* What you should do: Repeat the lines below exactly as written, please, from the line with "using assms(4) abs_len_gamma[OF" to the line with "using allowed that assms(4) by auto", both lines included, and no others.

* Dataset entries:
= Beginning of Section =
lemma col_transp_join_cycles:
  assumes "0 < d" "2 \<le> i" "i < n" "t \<le> d"
  shows "col_transp d n 1 i t \<circ> (monomial_perm d n (shift_cycle 1 (i - 1)) c \<circ>
      monomial_perm d n (shift_cycle i (n - 1)) c') =
    monomial_perm d n (shift_cycle 1 (n - 1)) (\<lambda>k. c' k + c (shift_cycle i (n - 1) k) +
      (if k = i - 1 then t else if k = n - 1 then d - t else 0))"
proof -
  have maps: "\<forall>k\<in>{1..n}. shift_cycle a m k \<in> {1..n}" if "1 \<le> a" "a \<le> m" "m \<le> n" for a m
    using permutes_in_image[OF shift_cycle_permutes[OF that]] by blast
  have maps1: "\<forall>k\<in>{1..n}. shift_cycle i (n - 1) k \<in> {1..n}"
    using maps[of i "n - 1"] assms by auto
  have maps2: "\<forall>k\<in>{1..n}. (shift_cycle 1 (i - 1) \<circ> shift_cycle i (n - 1)) k \<in> {1..n}"
    using maps[of 1 "i - 1"] maps1 assms by auto
  show ?thesis
    unfolding monomial_perm_comp[OF assms(1) maps1] col_transp_def
      monomial_perm_comp[OF assms(1) maps2] using assms(2,3)
  proof (intro monomial_perm_cong ballI conjI)
    fix k
    assume "k \<in> {1..n}"
    then consider "k < i - 1" | "k = i - 1" | "i \<le> k" "k < n - 1" | "k = n - 1" | "k = n"
      using assms by fastforce
    note cases = this
    show "(transpose 1 i \<circ> (shift_cycle 1 (i - 1) \<circ> shift_cycle i (n - 1))) k =
        shift_cycle 1 (n - 1) k"
      using cases assms by cases (auto simp: shift_cycle_def transpose_def)
    have "(shift_cycle 1 (i - 1) \<circ> shift_cycle i (n - 1)) k = 1 \<longleftrightarrow> k = i - 1"
      "(shift_cycle 1 (i - 1) \<circ> shift_cycle i (n - 1)) k = i \<longleftrightarrow> k = n - 1"
      using cases assms by (cases; auto simp: shift_cycle_def)+
    then show "(c' k + c (shift_cycle i (n - 1) k) +
        (if (shift_cycle 1 (i - 1) \<circ> shift_cycle i (n - 1)) k = 1 then t
         else if (shift_cycle 1 (i - 1) \<circ> shift_cycle i (n - 1)) k = i then d - t else 0)) mod d =
        (c' k + c (shift_cycle i (n - 1) k) +
        (if k = i - 1 then t else if k = n - 1 then d - t else 0)) mod d"
      by (simp only:)
  qed
qed

lemma length_transp_chain [simp]: "length (transp_chain d n a m) = m - a"
  by (simp add: transp_chain_def)

lemma length_cox_chain [simp]: "length (cox_chain d n s a m) = m - a + 2"
  by (simp add: cox_chain_def)

lemma gamma_factorization_cox_chain:
  assumes "2 \<le> d" "2 \<le> n" "s < d"
  shows "foldr (\<circ>) (cox_chain d n s 1 (n - 1)) id = gamma d n"
  using foldr_cox_chain[of d 1 "n - 1" n s] assms by (simp add: gamma_eq_monomial_perm)

lemma gamma_factorization_colour_zero:
  assumes "2 \<le> d" "2 \<le> i" "i < n"
  shows "foldr (\<circ>) (col_transp d n 1 i 0 # transp_chain d n 1 (i - 1) @ cox_chain d n 0 i (n - 1)) id =
    gamma d n"
proof -
  have d: "0 < d" and n: "2 \<le> n"
    using assms by simp_all
  have "foldr (\<circ>) (col_transp d n 1 i 0 # transp_chain d n 1 (i - 1) @ cox_chain d n 0 i (n - 1)) id =
      col_transp d n 1 i 0 \<circ> (foldr (\<circ>) (transp_chain d n 1 (i - 1)) id \<circ>
        foldr (\<circ>) (cox_chain d n 0 i (n - 1)) id)"
    by (simp add: foldr_comp_append del: foldr_append)
  also have "\<dots> = col_transp d n 1 i 0 \<circ> (monomial_perm d n (shift_cycle 1 (i - 1)) (\<lambda>k. 0) \<circ>
      monomial_perm d n (shift_cycle i (n - 1)) (cox_colour d n (n - 1)))"
    using foldr_transp_chain[of d 1 "i - 1" n] foldr_cox_chain[of d i "n - 1" n 0] assms by simp
  also have "\<dots> = monomial_perm d n (shift_cycle 1 (n - 1))
      (\<lambda>k. cox_colour d n (n - 1) k + 0 + (if k = i - 1 then 0 else if k = n - 1 then d - 0 else 0))"
    by (rule col_transp_join_cycles[OF d assms(2,3)]) simp
  also have "\<dots> = gamma d n"
    unfolding gamma_eq_monomial_perm[OF assms(1) n] using assms
    by (intro monomial_perm_cong) (auto simp: cox_colour_def mod_Suc)
  finally show ?thesis .
qed

lemma gamma_factorization_colour_last:
  assumes "2 \<le> d" "2 \<le> i" "i < n"
  shows "foldr (\<circ>)
      (col_transp d n 1 i (d - 1) # cox_chain d n 0 1 (i - 1) @ transp_chain d n i (n - 1)) id =
    gamma d n"
proof -
  have d: "0 < d" and n: "2 \<le> n"
    using assms by simp_all
  have "foldr (\<circ>)
      (col_transp d n 1 i (d - 1) # cox_chain d n 0 1 (i - 1) @ transp_chain d n i (n - 1)) id =
      col_transp d n 1 i (d - 1) \<circ> (foldr (\<circ>) (cox_chain d n 0 1 (i - 1)) id \<circ>
        foldr (\<circ>) (transp_chain d n i (n - 1)) id)"
    by (simp add: foldr_comp_append del: foldr_append)
  also have "\<dots> = col_transp d n 1 i (d - 1) \<circ>
      (monomial_perm d n (shift_cycle 1 (i - 1)) (cox_colour d n (i - 1)) \<circ>
       monomial_perm d n (shift_cycle i (n - 1)) (\<lambda>k. 0))"
    using foldr_transp_chain[of d i "n - 1" n] foldr_cox_chain[of d 1 "i - 1" n 0] assms by simp
  also have "\<dots> = monomial_perm d n (shift_cycle 1 (n - 1))
      (\<lambda>k. 0 + cox_colour d n (i - 1) (shift_cycle i (n - 1) k) +
        (if k = i - 1 then d - 1 else if k = n - 1 then d - (d - 1) else 0))"
    by (rule col_transp_join_cycles[OF d assms(2,3)]) simp
  also have "\<dots> = gamma d n"
    unfolding gamma_eq_monomial_perm[OF assms(1) n]
  proof (intro monomial_perm_cong ballI conjI refl)
    fix k
    assume "k \<in> {1..n}"
    then consider "k < i - 1" | "k = i - 1" | "i \<le> k" "k < n - 1" | "k = n - 1" | "k = n"
      using assms by fastforce
    then show "(0 + cox_colour d n (i - 1) (shift_cycle i (n - 1) k) +
        (if k = i - 1 then d - 1 else if k = n - 1 then d - (d - 1) else 0)) mod d =
        cox_colour d n (n - 1) k mod d"
      using assms by cases (auto simp: cox_colour_def shift_cycle_def)
  qed
  finally show ?thesis .
qed

lemma gamma_in_Gddn:
  assumes "2 \<le> d" "2 \<le> n"
  shows "gamma d n \<in> Gddn d n"
  using gamma_factorization_cox_chain[OF assms, of 0]
    foldr_comp_in_Gddn[of d "cox_chain d n 0 1 (n - 1)" n] cox_chain_reflections[of d 0 1 n "n - 1"]
    reflections_subset_Gddn assms
  by auto

lemma abs_len_gamma:
  assumes "2 \<le> d" "2 \<le> n"
  shows "abs_len d n (gamma d n) = n"
proof -
  have d: "0 < d"
    using assms(1) by simp
  have "abs_len d n (gamma d n) \<le> length (cox_chain d n 0 1 (n - 1))"
    using gamma_factorization_cox_chain[OF assms, of 0] cox_chain_reflections[of d 0 1 n "n - 1"] assms
    by (intro abs_len_le) auto
  then have le: "abs_len d n (gamma d n) \<le> n"
    using assms(2) by simp
  obtain ts where ts: "length ts = abs_len d n (gamma d n)" "set ts \<subseteq> reflections d n"
    "foldr (\<circ>) ts id = gamma d n"
    using abs_len_obtain[OF d gamma_in_Gddn[OF assms]] .
  have "length ts = n"
    using factorization_forms_independent[OF d ts(2)] gamma_fixed_vector_zero[OF assms] ts(1,3) le
    by auto
  then show ?thesis
    using ts(1) by simp
qed

lemma gamma_factorization_forms_independent:
  assumes "2 \<le> d" "2 \<le> n" "set ts \<subseteq> reflections d n" "length ts = n"
    "foldr (\<circ>) ts id = gamma d n"
  shows "\<exists>z. \<forall>j<length ts. refl_form d n (ts ! j) z = r j"
proof -
  have "length ts = n \<and> (\<forall>r. \<exists>z. \<forall>j<length ts. refl_form d n (ts ! j) z = r j)"
  proof (rule factorization_forms_independent[OF _ assms(3)])
    fix x
    assume "\<forall>k\<in>{1..n}. lin_act d n (foldr (\<circ>) ts id) x k = x k"
    then show "\<forall>k\<in>{1..n}. x k = 0"
      unfolding assms(5) by (rule gamma_fixed_vector_zero[OF assms(1,2)])
  qed (use assms in simp_all)
  then show ?thesis
    by blast
qed

section \<open>Noncrossing elements and the sets \<open>Rset\<close>\<close>

lemma prefix_in_NC:
  assumes "2 \<le> d" "2 \<le> n" "set (us @ ws) \<subseteq> reflections d n" "length (us @ ws) = n"
    "foldr (\<circ>) (us @ ws) id = gamma d n"
  shows "foldr (\<circ>) us id \<in> NC d n"
proof -
  have d: "0 < d"
    using assms(1) by simp
  let ?u = "foldr (\<circ>) us id" and ?w = "foldr (\<circ>) ws id"
  have refl: "set us \<subseteq> reflections d n" "set ws \<subseteq> reflections d n"
    using assms(3) by auto
  then have G: "?u \<in> Gddn d n" "?w \<in> Gddn d n"
    using reflections_subset_Gddn[of d n] by (auto intro!: foldr_comp_in_Gddn[OF d])
  have gamma: "gamma d n = ?u \<circ> ?w"
    using assms(5) by (simp add: foldr_comp_append del: foldr_append)
  have w: "ginv d n ?u \<circ> gamma d n = ?w"
    unfolding gamma using ginv_Gddn(2)[OF d G(1)] by (simp add: comp_assoc[symmetric])
  have "n \<le> abs_len d n ?u + abs_len d n ?w"
    using abs_len_comp_le[OF d G] abs_len_gamma[OF assms(1,2)] gamma by simp
  moreover have "abs_len d n ?u \<le> length us" "abs_len d n ?w \<le> length ws"
    using abs_len_le refl by blast+
  ultimately have "abs_len d n (gamma d n) = abs_len d n ?u + abs_len d n (ginv d n ?u \<circ> gamma d n)"
    using assms(4) abs_len_gamma[OF assms(1,2)] unfolding w by simp
  then show ?thesis
    using G(1) by (simp add: NC_def abs_le_def abs_len_id ginv_eq[OF id_in_Gddn id_in_Gddn])
qed

lemma Rset_nonempty_if_prefix:
  assumes "2 \<le> d" "2 \<le> n" "set ts \<subseteq> reflections d n" "length ts = n"
    "foldr (\<circ>) ts id = gamma d n" "foldr (\<circ>) (take k ts) id (1, 0) = (i, s)"
  shows "Rset d n i s \<noteq> {}"
  using prefix_in_NC[OF assms(1,2), of "take k ts" "drop k ts"] assms(3-6) unfolding Rset_def by auto

lemma Rset_nonempty:
  assumes "2 \<le> d" "2 \<le> n" "i \<in> {1..n}" "s < d"
    and allowed: "\<not> ((i = 1 \<and> 2 \<le> s) \<or> (2 \<le> i \<and> i < n \<and> 1 \<le> s \<and> s < d - 1))"
  shows "Rset d n i s \<noteq> {}"
proof -
  have d: "0 < d"
    using assms(1) by simp
  have cox: "set (cox_chain d n t 1 (n - 1)) \<subseteq> reflections d n"
    "length (cox_chain d n t 1 (n - 1)) = n" "foldr (\<circ>) (cox_chain d n t 1 (n - 1)) id = gamma d n"
    if "t < d" for t
    using cox_chain_reflections[OF d that, of 1 n "n - 1"]
      gamma_factorization_cox_chain[OF assms(1,2) that] assms(2) by simp_all
  have transp: "col_transp d n 1 b t \<in> reflections d n" "col_transp d n 1 b t (1, 0) = (b, t)"
    if "b \<in> {1..n}" "b \<noteq> 1" "t < d" for b t
    using col_transp_in_reflections[OF d _ that(1)] col_transp_swaps(1)[OF d _ that(1)] that assms(2)
    by simp_all
  have "i = 1 \<or> i = n \<or> 2 \<le> i \<and> i < n"
    using assms(3) by auto
  moreover have "s = 0 \<or> s = 1" if "i = 1"
    using allowed that by auto
  moreover have "s = 0 \<or> s = d - 1" if "2 \<le> i" "i < n"
    using allowed that assms(4) by auto
  ultimately consider "i = 1" "s = 0" | "i = 1" "s = 1" | "i = n" | "2 \<le> i" "i < n" "s = 0"
    | "2 \<le> i" "i < n" "s = d - 1"
    by metis
  then show ?thesis
  proof cases
    case 1
    then show ?thesis
      using Rset_nonempty_if_prefix[OF assms(1,2) cox[OF d], of 0] by simp
  next
    case 2
    have "col_transp d n 1 n 0 (col_transp d n 1 n 1 (1, 0)) = (1, 1)"
      using assms(1,2) by (simp add: col_transp_def mod_Suc)
    then show ?thesis
      using 2 Rset_nonempty_if_prefix[OF assms(1,2) cox[OF d], of 2] assms(1)
      by (simp add: cox_chain_def)
  next
    case 3
    then show ?thesis
      using Rset_nonempty_if_prefix[OF assms(1,2) cox[OF assms(4)], of 1] transp(2)[of n s] assms(2,4)
      by (simp add: cox_chain_def)
  next
    case 4
    then show ?thesis
      using Rset_nonempty_if_prefix[OF assms(1,2) _ _
          gamma_factorization_colour_zero[OF assms(1) 4(1,2)], of 1] transp[of i 0] d transp_chain_reflections[OF d, of 1 "i - 1" n]
        cox_chain_reflections[OF d d, of i n "n - 1"]
      by simp
  next
    case 5
    then show ?thesis
      using Rset_nonempty_if_prefix[OF assms(1,2) _ _
          gamma_factorization_colour_last[OF assms(1) 5(1,2)], of 1] transp[of i "d - 1"] d transp_chain_reflections[OF d, of i "n - 1" n]
        cox_chain_reflections[OF d d, of 1 n "i - 1"]
      by simp
  qed
qed

lemma NC_reduced_factorization:
  assumes "2 \<le> d" "2 \<le> n" "u \<in> NC d n"
  obtains us ws where "set (us @ ws) \<subseteq> reflections d n" "length (us @ ws) = n"
    "foldr (\<circ>) us id = u" "foldr (\<circ>) ws id = ginv d n u \<circ> gamma d n"
proof -
  have d: "0 < d"
    using assms(1) by simp
  have uG: "u \<in> Gddn d n"
    and len: "abs_len d n (gamma d n) = abs_len d n u + abs_len d n (ginv d n u \<circ> gamma d n)"
    using assms(3) by (auto simp: NC_def abs_le_def)
  have "ginv d n u \<circ> gamma d n \<in> Gddn d n"
    by (rule Gddn_comp[OF d ginv_Gddn(1)[OF d uG] gamma_in_Gddn[OF assms(1,2)]])
  then obtain ws where ws: "length ws = abs_len d n (ginv d n u \<circ> gamma d n)"
    "set ws \<subseteq> reflections d n" "foldr (\<circ>) ws id = ginv d n u \<circ> gamma d n"
    using abs_len_obtain[OF d] by blast
  obtain us where "length us = abs_len d n u" "set us \<subseteq> reflections d n" "foldr (\<circ>) us id = u"
    using abs_len_obtain[OF d uG] .
  then show ?thesis
    using that[of us ws] ws len abs_len_gamma[OF assms(1,2)] by simp
qed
= End of Section =
* Response area:
    using assms(4) abs_len_gamma[OF assms(1,2)] unfolding w by simp
  then show ?thesis
    using G(1) by (simp add: NC_def abs_le_def abs_len_id ginv_eq[OF id_in_Gddn id_in_Gddn])
qed

lemma Rset_nonempty_if_prefix:
  assumes "2 \<le> d" "2 \<le> n" "set ts \<subseteq> reflections d n" "length ts = n"
    "foldr (\<circ>) ts id = gamma d n" "foldr (\<circ>) (take k ts) id (1, 0) = (i, s)"
  shows "Rset d n i s \<noteq> {}"
  using prefix_in_NC[OF assms(1,2), of "take k ts" "drop k ts"] assms(3-6) unfolding Rset_def by auto

lemma Rset_nonempty:
  assumes "2 \<le> d" "2 \<le> n" "i \<in> {1..n}" "s < d"
    and allowed: "\<not> ((i = 1 \<and> 2 \<le> s) \<or> (2 \<le> i \<and> i < n \<and> 1 \<le> s \<and> s < d - 1))"
  shows "Rset d n i s \<noteq> {}"
proof -
  have d: "0 < d"
    using assms(1) by simp
  have cox: "set (cox_chain d n t 1 (n - 1)) \<subseteq> reflections d n"
    "length (cox_chain d n t 1 (n - 1)) = n" "foldr (\<circ>) (cox_chain d n t 1 (n - 1)) id = gamma d n"
    if "t < d" for t
    using cox_chain_reflections[OF d that, of 1 n "n - 1"]
      gamma_factorization_cox_chain[OF assms(1,2) that] assms(2) by simp_all
  have transp: "col_transp d n 1 b t \<in> reflections d n" "col_transp d n 1 b t (1, 0) = (b, t)"
    if "b \<in> {1..n}" "b \<noteq> 1" "t < d" for b t
    using col_transp_in_reflections[OF d _ that(1)] col_transp_swaps(1)[OF d _ that(1)] that assms(2)
    by simp_all
  have "i = 1 \<or> i = n \<or> 2 \<le> i \<and> i < n"
    using assms(3) by auto
  moreover have "s = 0 \<or> s = 1" if "i = 1"
    using allowed that by auto
  moreover have "s = 0 \<or> s = d - 1" if "2 \<le> i" "i < n"
    using allowed that assms(4) by auto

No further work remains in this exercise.